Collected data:
---------------

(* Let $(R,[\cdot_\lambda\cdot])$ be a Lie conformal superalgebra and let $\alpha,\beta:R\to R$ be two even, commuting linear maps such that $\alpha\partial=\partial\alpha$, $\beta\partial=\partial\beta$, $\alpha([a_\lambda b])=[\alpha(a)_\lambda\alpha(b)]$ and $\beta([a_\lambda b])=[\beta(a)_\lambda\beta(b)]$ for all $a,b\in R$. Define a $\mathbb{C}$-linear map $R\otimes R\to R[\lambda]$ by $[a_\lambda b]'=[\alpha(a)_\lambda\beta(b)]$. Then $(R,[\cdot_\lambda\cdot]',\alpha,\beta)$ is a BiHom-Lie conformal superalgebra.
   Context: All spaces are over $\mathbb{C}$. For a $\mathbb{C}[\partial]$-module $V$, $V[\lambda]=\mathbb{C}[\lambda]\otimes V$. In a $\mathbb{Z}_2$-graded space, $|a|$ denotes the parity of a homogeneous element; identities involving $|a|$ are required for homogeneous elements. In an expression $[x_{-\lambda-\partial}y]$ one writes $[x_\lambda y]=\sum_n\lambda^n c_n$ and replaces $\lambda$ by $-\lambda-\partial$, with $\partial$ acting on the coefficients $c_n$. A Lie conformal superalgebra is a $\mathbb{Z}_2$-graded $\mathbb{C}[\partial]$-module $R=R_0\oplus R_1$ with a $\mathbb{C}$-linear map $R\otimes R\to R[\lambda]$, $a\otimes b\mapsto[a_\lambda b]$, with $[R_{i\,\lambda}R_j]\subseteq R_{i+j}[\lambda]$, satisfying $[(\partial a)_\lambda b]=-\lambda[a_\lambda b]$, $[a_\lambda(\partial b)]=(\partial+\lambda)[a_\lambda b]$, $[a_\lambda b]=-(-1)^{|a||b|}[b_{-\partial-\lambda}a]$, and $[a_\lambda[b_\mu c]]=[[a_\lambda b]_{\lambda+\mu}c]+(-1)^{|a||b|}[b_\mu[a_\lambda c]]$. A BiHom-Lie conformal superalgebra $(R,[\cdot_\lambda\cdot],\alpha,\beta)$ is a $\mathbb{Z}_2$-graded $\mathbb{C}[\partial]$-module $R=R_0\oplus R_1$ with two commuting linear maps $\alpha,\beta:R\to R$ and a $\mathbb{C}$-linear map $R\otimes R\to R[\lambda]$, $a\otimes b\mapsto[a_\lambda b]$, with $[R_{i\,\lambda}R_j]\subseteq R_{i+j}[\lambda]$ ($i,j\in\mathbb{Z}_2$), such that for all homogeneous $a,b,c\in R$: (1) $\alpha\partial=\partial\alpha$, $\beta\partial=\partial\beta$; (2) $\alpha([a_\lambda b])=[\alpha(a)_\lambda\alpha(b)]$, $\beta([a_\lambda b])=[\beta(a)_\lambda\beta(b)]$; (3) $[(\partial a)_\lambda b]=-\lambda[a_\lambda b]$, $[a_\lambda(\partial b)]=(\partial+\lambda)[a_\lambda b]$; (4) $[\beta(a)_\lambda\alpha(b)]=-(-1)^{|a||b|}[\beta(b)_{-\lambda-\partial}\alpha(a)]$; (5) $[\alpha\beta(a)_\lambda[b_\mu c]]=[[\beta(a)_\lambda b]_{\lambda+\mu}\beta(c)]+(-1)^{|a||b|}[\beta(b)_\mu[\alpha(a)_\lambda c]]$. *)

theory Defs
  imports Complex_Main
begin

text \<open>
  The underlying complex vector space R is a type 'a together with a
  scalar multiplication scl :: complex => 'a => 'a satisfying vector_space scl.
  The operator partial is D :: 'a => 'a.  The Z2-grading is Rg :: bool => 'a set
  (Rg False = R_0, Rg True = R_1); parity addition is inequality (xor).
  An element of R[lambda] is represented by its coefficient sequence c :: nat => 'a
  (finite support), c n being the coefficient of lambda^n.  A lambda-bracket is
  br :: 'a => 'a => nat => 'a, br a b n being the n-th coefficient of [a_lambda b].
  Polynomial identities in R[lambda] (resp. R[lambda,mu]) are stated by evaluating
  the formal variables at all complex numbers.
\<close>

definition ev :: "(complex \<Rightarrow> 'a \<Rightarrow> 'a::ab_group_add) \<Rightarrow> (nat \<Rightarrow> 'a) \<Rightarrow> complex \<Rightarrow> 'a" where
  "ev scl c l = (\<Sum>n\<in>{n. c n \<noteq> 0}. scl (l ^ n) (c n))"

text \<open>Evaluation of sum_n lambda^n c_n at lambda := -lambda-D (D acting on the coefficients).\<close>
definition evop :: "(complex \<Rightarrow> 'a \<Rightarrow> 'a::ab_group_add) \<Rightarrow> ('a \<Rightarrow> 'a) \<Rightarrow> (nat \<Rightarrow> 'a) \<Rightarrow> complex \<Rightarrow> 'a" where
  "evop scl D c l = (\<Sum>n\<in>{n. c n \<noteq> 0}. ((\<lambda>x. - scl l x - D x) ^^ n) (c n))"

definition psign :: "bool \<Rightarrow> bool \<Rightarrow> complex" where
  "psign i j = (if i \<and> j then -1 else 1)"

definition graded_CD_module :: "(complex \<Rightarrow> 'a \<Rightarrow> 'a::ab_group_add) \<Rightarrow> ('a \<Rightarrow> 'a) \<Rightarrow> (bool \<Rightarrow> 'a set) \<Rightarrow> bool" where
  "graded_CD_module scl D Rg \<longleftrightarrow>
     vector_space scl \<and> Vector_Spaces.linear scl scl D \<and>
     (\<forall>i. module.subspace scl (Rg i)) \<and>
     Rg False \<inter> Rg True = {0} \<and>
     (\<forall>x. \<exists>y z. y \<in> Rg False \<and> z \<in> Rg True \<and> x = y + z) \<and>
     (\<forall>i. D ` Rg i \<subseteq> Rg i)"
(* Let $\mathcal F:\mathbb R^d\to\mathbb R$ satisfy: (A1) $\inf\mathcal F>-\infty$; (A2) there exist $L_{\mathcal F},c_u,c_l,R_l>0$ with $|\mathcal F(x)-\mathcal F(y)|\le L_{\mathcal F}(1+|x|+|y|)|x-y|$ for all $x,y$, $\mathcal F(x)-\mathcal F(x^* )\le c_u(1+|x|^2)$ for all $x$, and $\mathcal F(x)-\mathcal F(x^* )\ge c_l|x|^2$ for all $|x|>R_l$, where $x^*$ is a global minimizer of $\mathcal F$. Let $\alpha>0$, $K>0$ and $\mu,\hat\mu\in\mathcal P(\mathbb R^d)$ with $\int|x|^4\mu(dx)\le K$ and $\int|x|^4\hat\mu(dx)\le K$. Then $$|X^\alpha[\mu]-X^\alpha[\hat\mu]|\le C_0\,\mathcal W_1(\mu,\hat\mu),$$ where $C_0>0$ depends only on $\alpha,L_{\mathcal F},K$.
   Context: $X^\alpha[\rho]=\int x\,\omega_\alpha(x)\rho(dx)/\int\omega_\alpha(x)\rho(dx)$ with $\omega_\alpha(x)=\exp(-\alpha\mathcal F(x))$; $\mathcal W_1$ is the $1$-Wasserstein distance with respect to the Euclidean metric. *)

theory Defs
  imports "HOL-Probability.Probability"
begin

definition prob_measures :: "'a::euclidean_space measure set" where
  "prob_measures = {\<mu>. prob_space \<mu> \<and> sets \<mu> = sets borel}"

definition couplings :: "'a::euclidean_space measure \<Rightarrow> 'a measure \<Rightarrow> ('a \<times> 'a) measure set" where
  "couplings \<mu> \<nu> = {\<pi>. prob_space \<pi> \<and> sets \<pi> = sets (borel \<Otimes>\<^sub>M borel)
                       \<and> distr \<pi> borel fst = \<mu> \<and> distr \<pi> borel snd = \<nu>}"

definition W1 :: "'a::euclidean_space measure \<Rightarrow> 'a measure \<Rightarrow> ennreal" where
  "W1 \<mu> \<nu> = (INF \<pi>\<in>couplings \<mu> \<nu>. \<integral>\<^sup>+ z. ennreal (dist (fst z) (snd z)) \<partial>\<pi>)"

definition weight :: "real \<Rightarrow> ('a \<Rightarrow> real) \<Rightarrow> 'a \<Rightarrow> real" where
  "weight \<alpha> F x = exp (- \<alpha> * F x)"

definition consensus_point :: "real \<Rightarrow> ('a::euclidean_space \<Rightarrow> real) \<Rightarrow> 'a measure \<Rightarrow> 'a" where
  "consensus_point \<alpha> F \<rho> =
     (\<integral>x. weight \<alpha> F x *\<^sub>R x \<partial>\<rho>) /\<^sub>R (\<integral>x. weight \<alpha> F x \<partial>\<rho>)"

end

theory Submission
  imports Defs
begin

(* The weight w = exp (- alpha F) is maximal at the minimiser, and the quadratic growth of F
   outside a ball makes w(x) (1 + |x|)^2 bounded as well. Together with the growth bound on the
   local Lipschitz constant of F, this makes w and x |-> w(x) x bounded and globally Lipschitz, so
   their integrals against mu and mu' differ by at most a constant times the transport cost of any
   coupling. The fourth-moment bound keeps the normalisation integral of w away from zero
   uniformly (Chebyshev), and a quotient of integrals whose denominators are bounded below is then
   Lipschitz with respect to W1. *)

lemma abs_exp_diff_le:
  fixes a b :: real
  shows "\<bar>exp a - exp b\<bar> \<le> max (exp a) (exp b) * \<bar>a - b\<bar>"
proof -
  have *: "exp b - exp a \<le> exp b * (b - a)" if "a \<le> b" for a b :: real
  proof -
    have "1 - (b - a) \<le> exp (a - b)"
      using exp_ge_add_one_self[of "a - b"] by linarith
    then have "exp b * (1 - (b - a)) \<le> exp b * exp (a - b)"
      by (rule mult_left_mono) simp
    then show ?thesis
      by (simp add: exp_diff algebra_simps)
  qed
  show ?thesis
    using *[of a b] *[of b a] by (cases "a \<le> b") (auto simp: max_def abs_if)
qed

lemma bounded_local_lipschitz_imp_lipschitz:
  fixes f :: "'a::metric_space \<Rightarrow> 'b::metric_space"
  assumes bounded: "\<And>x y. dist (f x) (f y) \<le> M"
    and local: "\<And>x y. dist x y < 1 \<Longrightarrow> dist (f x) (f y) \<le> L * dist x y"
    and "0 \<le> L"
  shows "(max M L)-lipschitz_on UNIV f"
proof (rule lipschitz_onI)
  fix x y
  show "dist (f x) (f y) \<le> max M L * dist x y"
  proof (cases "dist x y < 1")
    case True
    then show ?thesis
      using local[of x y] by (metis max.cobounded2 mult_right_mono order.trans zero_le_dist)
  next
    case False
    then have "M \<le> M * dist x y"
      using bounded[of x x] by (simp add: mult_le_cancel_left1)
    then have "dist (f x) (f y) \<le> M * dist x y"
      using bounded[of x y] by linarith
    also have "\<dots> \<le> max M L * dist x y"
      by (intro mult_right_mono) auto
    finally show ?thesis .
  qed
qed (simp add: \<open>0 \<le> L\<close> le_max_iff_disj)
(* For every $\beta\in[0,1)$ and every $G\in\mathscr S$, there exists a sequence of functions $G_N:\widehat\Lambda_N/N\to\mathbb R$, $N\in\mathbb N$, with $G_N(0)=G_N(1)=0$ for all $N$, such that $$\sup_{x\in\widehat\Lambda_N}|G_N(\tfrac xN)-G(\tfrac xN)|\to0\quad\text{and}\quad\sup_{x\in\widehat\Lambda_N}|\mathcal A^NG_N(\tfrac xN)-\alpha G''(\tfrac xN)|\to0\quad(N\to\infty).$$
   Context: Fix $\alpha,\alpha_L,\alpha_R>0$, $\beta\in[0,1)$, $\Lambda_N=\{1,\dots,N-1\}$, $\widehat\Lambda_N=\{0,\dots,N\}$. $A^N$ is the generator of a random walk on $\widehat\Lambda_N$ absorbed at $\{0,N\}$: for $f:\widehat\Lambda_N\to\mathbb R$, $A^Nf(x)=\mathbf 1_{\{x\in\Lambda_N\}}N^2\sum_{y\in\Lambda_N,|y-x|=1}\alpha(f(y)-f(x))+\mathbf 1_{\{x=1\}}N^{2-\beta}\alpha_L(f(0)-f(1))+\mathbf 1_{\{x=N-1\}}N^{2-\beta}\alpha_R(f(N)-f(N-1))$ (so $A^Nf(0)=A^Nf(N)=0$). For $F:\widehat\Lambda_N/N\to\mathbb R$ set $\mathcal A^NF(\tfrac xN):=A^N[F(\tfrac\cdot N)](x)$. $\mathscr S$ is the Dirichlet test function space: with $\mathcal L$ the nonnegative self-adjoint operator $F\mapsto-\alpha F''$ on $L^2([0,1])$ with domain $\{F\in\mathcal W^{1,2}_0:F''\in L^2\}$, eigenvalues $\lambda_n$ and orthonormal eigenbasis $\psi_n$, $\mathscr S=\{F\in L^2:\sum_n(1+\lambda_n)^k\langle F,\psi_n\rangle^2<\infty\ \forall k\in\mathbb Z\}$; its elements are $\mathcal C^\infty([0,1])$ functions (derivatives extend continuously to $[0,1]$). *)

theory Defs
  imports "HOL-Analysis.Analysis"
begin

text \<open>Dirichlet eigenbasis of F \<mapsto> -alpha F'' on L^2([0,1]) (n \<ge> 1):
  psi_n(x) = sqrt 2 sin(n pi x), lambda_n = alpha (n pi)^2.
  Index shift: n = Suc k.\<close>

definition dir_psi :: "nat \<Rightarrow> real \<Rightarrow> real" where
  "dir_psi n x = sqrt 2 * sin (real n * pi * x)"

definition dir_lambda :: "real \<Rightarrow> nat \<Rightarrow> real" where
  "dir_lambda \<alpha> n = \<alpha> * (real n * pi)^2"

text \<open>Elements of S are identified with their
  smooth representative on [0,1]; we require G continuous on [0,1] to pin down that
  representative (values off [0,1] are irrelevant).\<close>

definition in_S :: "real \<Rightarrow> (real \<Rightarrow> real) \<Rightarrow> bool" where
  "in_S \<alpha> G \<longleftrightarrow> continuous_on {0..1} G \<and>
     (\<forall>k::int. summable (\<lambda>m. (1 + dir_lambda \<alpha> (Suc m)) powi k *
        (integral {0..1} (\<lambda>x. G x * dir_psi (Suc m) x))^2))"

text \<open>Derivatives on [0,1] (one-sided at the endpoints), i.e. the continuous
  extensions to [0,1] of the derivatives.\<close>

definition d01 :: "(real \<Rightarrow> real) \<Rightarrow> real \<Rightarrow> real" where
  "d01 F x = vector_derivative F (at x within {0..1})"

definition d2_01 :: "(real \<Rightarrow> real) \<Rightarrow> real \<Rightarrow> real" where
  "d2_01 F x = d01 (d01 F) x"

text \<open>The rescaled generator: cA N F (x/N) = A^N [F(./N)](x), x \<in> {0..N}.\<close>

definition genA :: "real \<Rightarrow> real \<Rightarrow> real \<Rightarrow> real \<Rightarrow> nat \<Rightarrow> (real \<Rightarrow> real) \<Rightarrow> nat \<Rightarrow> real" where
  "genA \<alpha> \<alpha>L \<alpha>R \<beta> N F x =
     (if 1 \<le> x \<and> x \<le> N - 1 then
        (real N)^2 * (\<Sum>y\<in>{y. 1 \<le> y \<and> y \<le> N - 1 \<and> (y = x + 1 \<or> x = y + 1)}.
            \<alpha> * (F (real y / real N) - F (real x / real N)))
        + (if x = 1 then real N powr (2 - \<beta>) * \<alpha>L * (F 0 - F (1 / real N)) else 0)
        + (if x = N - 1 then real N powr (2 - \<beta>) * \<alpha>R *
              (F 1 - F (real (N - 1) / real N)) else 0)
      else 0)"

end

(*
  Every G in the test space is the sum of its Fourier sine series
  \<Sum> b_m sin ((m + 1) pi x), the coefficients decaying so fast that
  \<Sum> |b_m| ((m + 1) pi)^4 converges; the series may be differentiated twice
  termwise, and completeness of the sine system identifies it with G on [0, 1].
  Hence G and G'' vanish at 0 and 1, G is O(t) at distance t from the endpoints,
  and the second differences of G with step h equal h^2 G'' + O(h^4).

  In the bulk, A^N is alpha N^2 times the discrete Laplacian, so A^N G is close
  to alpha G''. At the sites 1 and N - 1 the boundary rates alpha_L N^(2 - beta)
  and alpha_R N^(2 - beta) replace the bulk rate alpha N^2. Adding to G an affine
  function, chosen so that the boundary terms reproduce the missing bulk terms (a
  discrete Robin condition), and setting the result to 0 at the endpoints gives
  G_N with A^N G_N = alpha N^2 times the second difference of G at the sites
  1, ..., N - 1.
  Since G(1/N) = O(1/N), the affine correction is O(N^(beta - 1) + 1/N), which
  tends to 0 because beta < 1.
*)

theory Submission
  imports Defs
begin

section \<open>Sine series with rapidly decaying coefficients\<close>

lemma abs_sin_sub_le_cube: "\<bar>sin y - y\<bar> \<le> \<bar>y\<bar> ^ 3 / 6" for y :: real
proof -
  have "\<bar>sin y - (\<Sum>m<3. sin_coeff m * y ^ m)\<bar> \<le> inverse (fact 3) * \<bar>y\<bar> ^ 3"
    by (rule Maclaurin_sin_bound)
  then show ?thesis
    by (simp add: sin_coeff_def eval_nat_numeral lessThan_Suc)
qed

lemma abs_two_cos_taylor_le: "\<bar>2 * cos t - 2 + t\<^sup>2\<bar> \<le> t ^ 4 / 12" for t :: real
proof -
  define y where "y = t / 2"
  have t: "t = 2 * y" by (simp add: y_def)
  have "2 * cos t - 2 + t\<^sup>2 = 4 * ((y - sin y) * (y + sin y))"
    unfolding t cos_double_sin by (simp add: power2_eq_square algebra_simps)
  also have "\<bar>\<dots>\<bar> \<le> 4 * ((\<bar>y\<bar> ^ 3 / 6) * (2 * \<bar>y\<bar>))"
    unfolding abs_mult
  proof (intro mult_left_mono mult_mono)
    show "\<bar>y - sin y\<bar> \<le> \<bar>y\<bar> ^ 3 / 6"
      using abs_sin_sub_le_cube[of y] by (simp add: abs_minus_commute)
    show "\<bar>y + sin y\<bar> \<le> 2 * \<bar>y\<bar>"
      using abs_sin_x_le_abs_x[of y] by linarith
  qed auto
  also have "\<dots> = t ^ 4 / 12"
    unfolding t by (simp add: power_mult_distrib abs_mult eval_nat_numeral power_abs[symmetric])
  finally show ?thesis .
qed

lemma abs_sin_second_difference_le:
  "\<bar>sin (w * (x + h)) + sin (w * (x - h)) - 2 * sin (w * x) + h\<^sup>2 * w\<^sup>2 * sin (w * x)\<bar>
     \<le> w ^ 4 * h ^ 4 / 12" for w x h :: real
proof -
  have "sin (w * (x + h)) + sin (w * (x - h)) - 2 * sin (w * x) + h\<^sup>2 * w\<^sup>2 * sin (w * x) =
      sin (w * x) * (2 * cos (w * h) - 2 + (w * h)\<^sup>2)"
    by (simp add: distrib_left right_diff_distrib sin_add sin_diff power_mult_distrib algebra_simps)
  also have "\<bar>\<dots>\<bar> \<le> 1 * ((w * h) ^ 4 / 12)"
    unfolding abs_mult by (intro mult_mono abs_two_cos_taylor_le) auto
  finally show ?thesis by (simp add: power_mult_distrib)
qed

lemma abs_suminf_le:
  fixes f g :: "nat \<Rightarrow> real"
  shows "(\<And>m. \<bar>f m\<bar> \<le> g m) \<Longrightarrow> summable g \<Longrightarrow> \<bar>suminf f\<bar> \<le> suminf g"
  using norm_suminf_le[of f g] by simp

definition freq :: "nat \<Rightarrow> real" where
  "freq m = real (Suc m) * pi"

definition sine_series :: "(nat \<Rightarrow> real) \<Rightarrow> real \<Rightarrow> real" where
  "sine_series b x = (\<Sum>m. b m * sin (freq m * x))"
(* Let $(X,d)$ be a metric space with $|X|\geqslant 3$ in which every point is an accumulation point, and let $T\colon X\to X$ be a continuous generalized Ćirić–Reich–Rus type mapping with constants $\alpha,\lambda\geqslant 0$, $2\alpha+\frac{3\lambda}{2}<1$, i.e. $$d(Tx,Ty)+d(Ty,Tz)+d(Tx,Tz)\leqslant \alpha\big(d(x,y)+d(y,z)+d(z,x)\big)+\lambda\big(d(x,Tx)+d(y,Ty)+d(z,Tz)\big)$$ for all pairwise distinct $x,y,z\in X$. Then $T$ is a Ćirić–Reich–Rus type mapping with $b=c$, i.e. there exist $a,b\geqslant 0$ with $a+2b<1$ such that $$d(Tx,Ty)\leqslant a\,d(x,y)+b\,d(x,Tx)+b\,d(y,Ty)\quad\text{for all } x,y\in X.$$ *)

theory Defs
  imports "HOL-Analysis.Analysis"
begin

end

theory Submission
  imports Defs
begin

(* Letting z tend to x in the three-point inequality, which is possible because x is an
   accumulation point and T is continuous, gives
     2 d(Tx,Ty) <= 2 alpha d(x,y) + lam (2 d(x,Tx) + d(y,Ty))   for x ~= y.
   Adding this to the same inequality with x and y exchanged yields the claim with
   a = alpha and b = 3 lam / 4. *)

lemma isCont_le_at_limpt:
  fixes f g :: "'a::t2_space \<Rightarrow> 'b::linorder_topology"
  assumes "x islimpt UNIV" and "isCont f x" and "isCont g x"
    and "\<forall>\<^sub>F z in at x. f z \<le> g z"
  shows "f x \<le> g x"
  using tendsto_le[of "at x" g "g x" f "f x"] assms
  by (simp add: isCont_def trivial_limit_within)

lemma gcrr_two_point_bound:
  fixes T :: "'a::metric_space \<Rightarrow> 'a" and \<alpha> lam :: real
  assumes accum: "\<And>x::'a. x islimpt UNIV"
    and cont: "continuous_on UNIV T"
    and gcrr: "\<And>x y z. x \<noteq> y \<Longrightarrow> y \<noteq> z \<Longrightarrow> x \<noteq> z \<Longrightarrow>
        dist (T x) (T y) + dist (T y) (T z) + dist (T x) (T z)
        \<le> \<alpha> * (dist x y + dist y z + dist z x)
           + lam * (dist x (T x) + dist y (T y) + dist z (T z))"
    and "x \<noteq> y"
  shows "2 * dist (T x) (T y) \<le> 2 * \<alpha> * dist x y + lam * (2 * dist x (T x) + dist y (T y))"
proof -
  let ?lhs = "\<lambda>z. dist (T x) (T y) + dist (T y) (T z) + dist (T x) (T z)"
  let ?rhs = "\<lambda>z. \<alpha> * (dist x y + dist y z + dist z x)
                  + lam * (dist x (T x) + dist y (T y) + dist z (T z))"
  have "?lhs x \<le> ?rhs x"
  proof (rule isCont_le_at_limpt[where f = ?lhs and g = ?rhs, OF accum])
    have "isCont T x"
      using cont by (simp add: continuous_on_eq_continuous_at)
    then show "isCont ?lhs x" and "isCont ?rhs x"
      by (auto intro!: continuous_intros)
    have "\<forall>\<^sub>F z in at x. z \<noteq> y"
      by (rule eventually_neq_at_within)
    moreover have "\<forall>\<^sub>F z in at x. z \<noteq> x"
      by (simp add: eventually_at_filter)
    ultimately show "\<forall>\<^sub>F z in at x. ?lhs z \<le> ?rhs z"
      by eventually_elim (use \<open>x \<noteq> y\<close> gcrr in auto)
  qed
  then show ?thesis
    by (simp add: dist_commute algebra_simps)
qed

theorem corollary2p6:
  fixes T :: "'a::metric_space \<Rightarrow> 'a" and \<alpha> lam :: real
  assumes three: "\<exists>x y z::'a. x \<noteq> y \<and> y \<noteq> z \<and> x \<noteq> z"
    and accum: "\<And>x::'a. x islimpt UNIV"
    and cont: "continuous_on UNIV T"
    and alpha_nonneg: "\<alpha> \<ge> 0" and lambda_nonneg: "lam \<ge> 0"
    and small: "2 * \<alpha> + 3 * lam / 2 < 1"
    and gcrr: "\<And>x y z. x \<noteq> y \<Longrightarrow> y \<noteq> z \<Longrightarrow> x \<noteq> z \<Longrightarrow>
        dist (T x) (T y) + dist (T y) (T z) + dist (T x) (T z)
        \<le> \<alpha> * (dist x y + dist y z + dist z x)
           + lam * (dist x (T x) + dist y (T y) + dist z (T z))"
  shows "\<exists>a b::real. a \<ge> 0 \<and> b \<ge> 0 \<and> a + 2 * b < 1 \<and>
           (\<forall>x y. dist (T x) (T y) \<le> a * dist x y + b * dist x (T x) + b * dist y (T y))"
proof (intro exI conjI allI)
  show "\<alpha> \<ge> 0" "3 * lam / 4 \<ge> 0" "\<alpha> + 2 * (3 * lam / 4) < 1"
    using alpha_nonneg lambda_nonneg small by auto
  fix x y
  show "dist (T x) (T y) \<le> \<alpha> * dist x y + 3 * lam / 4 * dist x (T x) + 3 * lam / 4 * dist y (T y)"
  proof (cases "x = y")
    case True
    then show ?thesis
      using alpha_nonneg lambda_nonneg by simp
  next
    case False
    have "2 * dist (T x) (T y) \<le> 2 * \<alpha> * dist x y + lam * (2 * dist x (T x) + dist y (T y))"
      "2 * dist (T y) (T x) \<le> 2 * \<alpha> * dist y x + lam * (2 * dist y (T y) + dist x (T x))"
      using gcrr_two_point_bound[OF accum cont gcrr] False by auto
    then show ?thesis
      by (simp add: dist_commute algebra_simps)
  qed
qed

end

---------------

YOUR ASSIGNMENT: Your task is to retype the entries verbatim, starting with the line that holds "by (simp add: distrib_left" and stopping after the line that holds "real (Suc m)".

ANSWER TO THIS EXERCISE:
    by (simp add: distrib_left right_diff_distrib sin_add sin_diff power_mult_distrib algebra_simps)
  also have "\<bar>\<dots>\<bar> \<le> 1 * ((w * h) ^ 4 / 12)"
    unfolding abs_mult by (intro mult_mono abs_two_cos_taylor_le) auto
  finally show ?thesis by (simp add: power_mult_distrib)
qed

lemma abs_suminf_le:
  fixes f g :: "nat \<Rightarrow> real"
  shows "(\<And>m. \<bar>f m\<bar> \<le> g m) \<Longrightarrow> summable g \<Longrightarrow> \<bar>suminf f\<bar> \<le> suminf g"
  using norm_suminf_le[of f g] by simp

definition freq :: "nat \<Rightarrow> real" where
  "freq m = real (Suc m) * pi"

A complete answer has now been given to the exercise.